**Task goal:** Take the lines below beginning at the line that has "set) \<Rightarrow> 'v \<Rightarrow> 'v list" and stopping after the line that has "X ev \<longleftrightarrow>", and print them exactly as they are, with no other lines.

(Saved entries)
↓

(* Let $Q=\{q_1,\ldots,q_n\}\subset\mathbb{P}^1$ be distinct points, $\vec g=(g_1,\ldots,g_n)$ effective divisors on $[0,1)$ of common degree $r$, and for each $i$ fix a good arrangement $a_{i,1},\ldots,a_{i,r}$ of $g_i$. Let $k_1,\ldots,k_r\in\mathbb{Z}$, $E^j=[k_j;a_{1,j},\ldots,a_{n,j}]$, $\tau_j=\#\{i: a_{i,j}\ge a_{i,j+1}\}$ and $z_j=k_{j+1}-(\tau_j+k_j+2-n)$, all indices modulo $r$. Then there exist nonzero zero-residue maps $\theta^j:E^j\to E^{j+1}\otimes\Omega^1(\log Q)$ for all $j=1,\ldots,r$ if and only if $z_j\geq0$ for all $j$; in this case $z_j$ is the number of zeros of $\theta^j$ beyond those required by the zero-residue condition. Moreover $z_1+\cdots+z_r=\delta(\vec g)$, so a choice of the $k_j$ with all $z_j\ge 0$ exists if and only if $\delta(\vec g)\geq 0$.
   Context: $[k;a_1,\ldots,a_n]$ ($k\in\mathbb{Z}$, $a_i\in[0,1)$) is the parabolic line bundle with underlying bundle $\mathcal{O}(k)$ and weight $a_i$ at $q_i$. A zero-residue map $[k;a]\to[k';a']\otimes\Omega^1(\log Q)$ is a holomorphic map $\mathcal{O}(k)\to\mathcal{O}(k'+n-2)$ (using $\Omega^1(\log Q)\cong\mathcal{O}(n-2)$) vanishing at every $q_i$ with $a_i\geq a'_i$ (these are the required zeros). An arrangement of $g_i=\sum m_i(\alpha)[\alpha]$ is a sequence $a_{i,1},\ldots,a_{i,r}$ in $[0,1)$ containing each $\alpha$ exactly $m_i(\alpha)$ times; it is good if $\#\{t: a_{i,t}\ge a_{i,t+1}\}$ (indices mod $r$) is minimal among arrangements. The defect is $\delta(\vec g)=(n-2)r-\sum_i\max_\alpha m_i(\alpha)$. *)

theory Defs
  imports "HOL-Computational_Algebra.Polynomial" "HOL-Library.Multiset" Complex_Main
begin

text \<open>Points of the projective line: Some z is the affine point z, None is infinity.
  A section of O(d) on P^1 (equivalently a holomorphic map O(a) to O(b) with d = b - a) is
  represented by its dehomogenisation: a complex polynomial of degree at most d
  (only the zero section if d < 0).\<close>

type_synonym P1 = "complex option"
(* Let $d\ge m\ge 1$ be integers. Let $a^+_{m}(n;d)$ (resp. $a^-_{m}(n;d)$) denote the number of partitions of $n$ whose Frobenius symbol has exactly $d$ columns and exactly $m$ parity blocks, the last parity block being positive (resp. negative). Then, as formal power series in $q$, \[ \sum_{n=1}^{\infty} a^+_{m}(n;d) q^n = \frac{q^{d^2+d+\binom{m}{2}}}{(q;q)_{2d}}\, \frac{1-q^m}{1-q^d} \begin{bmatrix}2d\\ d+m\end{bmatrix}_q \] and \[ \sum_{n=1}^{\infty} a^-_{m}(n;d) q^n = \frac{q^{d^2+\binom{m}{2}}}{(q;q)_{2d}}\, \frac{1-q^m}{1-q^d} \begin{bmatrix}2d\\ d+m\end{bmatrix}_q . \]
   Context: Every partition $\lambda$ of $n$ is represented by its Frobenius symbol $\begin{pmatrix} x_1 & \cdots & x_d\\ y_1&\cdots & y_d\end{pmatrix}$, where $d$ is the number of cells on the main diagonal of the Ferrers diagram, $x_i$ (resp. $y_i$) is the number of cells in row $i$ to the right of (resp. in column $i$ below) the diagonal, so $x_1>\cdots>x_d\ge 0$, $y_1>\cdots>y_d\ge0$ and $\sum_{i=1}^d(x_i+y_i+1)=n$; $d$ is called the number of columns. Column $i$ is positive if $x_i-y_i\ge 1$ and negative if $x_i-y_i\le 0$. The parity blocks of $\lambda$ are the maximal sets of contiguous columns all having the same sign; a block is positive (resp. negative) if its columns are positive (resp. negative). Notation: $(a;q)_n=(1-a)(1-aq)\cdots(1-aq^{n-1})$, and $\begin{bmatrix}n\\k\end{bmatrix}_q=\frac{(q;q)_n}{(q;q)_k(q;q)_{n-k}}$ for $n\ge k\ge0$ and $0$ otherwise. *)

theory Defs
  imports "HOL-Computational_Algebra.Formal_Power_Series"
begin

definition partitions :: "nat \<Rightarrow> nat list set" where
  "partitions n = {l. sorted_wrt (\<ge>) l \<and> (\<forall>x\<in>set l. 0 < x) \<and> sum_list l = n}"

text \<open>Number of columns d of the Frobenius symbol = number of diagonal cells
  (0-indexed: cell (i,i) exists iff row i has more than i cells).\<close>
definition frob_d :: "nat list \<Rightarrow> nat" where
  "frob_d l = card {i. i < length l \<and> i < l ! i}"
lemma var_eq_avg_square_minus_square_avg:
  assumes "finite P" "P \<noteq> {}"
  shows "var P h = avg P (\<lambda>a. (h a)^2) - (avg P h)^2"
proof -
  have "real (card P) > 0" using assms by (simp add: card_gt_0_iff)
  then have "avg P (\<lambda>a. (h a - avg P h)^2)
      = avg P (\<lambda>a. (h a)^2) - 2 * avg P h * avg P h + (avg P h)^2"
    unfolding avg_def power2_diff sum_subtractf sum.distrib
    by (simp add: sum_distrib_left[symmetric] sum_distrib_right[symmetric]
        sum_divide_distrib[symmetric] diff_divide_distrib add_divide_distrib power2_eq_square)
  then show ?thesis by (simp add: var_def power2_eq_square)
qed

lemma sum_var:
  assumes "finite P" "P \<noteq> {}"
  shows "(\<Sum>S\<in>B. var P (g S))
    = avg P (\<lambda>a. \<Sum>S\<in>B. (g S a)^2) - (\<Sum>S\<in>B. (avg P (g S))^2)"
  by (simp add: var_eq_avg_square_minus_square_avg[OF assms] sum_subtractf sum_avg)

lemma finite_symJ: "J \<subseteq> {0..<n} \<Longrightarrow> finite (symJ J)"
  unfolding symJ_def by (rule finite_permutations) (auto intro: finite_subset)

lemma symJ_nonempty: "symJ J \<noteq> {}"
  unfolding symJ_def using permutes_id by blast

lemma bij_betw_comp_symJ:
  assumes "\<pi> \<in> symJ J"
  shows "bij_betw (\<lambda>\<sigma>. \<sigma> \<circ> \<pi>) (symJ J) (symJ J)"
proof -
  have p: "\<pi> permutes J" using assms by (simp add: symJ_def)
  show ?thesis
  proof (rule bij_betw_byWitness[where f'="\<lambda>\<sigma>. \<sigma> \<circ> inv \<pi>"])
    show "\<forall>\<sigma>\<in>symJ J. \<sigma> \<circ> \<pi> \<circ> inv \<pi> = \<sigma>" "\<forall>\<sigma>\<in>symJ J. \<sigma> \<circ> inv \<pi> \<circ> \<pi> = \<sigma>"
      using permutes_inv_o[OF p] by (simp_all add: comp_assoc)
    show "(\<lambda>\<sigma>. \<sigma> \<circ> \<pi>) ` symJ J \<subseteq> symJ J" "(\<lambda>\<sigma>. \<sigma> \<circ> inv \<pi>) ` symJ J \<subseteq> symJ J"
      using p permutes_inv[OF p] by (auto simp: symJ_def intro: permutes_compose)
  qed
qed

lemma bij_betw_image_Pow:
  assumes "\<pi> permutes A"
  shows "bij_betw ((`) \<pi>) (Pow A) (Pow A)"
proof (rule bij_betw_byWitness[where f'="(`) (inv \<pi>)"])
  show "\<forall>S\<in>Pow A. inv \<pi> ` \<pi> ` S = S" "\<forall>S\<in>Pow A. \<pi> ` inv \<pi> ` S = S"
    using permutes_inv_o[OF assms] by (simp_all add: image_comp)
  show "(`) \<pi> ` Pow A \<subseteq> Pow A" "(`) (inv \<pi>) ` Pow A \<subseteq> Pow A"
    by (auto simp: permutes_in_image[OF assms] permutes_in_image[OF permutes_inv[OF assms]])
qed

↑
↓

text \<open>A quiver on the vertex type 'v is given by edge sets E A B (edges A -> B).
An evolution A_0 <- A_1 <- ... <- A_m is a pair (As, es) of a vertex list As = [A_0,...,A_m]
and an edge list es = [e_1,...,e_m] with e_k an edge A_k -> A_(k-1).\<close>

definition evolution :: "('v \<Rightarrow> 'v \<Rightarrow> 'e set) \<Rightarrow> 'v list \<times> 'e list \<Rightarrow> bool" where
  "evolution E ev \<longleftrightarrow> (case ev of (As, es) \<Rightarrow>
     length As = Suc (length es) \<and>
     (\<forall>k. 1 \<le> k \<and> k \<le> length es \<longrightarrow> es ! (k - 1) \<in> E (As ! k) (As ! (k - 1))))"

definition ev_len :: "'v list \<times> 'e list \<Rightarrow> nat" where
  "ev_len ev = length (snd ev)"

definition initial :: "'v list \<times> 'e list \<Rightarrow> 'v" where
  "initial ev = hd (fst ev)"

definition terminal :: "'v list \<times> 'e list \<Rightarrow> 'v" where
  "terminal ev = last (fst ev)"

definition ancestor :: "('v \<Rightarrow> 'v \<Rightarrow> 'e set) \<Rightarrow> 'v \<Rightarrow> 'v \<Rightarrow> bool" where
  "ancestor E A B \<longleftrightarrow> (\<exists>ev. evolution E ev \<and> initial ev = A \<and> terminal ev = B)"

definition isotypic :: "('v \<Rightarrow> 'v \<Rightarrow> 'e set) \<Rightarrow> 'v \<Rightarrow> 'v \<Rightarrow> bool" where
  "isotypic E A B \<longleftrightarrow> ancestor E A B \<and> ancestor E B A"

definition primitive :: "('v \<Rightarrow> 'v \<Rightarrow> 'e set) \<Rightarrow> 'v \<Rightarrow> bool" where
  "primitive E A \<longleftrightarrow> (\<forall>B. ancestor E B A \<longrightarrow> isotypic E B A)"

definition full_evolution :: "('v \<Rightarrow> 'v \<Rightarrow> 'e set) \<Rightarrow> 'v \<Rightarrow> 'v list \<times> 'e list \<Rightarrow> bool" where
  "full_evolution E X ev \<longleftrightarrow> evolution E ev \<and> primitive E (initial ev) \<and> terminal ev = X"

↑

**Task result:**
definition full_evolution :: "('v \<Rightarrow> 'v \<Rightarrow> 'e set) \<Rightarrow> 'v \<Rightarrow> 'v list \<times> 'e list \<Rightarrow> bool" where
  "full_evolution E X ev \<longleftrightarrow> evolution E ev \<and> primitive E (initial ev) \<and> terminal ev = X"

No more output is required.